WORK INSTRUCTIONS
The line that contains "real a\<bar> \<le>" marks the end: retype the data below exactly from its first line through that line.

DATASET RECORDS
_ _ _ _ _

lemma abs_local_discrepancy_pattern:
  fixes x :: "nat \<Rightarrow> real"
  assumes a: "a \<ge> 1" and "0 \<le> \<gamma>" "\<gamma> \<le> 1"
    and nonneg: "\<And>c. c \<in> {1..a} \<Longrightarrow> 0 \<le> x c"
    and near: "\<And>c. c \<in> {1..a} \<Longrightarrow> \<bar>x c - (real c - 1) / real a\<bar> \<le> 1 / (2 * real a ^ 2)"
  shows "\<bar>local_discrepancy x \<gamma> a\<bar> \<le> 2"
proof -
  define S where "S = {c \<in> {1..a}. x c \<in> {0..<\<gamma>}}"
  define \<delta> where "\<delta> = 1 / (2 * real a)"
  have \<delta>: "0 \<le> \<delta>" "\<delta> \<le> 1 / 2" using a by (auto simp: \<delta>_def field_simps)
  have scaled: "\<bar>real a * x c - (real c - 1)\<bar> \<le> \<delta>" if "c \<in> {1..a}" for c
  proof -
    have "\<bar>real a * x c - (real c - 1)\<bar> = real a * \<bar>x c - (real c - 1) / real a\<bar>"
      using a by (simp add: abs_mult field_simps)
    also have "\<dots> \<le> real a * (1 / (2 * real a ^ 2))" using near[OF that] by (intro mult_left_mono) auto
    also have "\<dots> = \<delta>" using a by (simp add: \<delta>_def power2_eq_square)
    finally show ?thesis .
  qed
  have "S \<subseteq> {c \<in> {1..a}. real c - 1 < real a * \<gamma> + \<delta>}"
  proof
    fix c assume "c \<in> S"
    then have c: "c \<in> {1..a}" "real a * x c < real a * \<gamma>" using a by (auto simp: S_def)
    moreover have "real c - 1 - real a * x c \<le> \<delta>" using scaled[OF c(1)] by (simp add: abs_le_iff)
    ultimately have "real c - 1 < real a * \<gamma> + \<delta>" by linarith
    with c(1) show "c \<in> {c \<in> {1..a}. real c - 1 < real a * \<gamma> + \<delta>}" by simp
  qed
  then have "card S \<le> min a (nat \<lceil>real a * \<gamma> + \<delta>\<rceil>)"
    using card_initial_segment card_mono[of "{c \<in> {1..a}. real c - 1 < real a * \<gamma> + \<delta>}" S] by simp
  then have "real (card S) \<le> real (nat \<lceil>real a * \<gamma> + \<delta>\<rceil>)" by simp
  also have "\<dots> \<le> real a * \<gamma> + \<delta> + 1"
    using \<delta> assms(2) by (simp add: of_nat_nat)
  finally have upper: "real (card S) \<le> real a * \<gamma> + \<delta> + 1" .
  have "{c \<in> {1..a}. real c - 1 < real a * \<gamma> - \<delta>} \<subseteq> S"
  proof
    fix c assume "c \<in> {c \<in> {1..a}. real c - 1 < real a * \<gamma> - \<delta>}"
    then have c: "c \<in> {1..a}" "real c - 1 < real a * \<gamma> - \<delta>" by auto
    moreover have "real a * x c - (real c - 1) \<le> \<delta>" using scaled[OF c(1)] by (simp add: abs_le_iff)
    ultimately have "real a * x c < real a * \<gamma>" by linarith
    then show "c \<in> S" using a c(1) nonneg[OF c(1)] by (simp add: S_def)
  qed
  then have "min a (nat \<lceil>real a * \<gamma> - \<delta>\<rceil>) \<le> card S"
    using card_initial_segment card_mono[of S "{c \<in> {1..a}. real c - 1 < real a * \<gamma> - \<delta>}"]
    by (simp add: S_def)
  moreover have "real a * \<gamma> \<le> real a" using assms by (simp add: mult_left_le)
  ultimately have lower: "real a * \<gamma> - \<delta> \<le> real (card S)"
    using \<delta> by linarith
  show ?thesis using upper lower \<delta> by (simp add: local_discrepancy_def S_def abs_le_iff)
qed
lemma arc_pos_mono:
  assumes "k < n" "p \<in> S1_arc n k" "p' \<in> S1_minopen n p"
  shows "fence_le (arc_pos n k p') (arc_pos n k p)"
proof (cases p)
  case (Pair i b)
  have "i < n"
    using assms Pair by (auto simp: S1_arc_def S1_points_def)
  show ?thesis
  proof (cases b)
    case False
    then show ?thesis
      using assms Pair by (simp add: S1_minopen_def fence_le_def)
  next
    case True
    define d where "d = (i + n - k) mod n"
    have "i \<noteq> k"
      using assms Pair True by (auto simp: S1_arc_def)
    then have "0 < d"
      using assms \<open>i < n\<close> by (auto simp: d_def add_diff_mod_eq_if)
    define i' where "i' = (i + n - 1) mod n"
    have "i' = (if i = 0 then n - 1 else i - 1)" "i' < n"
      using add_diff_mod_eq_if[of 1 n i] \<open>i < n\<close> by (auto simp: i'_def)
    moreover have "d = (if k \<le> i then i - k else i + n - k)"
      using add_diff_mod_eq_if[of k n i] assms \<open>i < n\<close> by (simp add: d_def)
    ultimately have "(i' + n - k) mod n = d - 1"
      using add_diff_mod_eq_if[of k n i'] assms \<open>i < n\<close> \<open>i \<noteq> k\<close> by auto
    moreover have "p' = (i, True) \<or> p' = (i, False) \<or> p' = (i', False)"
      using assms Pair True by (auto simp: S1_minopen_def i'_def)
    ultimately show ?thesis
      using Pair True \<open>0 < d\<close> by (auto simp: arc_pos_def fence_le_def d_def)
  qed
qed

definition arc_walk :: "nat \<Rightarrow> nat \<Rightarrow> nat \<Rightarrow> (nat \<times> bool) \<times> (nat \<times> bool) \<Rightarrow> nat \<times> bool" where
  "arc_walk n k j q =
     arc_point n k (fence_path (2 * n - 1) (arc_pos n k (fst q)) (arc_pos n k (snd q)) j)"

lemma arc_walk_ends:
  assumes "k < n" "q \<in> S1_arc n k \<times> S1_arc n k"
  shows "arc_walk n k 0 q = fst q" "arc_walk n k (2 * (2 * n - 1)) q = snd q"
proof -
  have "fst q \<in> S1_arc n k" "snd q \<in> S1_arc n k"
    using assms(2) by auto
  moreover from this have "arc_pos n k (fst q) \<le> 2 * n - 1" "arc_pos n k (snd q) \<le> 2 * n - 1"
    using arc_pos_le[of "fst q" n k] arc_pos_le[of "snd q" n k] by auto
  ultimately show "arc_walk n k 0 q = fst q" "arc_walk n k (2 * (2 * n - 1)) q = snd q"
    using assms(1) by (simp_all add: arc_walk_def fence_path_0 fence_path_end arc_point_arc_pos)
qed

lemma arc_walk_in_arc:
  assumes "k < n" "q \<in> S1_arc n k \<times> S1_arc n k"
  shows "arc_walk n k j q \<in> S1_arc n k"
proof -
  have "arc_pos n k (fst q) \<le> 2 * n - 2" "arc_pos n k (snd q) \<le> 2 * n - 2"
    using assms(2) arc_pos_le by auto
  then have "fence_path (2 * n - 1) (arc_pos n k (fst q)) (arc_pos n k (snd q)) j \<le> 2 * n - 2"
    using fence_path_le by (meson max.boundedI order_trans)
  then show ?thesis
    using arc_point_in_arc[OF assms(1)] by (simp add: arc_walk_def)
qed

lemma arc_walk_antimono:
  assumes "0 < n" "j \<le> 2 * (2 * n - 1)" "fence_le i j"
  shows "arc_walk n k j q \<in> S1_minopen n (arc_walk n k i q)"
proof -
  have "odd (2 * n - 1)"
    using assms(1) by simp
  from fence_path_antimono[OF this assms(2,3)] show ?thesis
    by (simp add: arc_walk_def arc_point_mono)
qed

_ _ _ _ _

TASK SOLUTION
lemma abs_local_discrepancy_pattern:
  fixes x :: "nat \<Rightarrow> real"
  assumes a: "a \<ge> 1" and "0 \<le> \<gamma>" "\<gamma> \<le> 1"
    and nonneg: "\<And>c. c \<in> {1..a} \<Longrightarrow> 0 \<le> x c"
    and near: "\<And>c. c \<in> {1..a} \<Longrightarrow> \<bar>x c - (real c - 1) / real a\<bar> \<le> 1 / (2 * real a ^ 2)"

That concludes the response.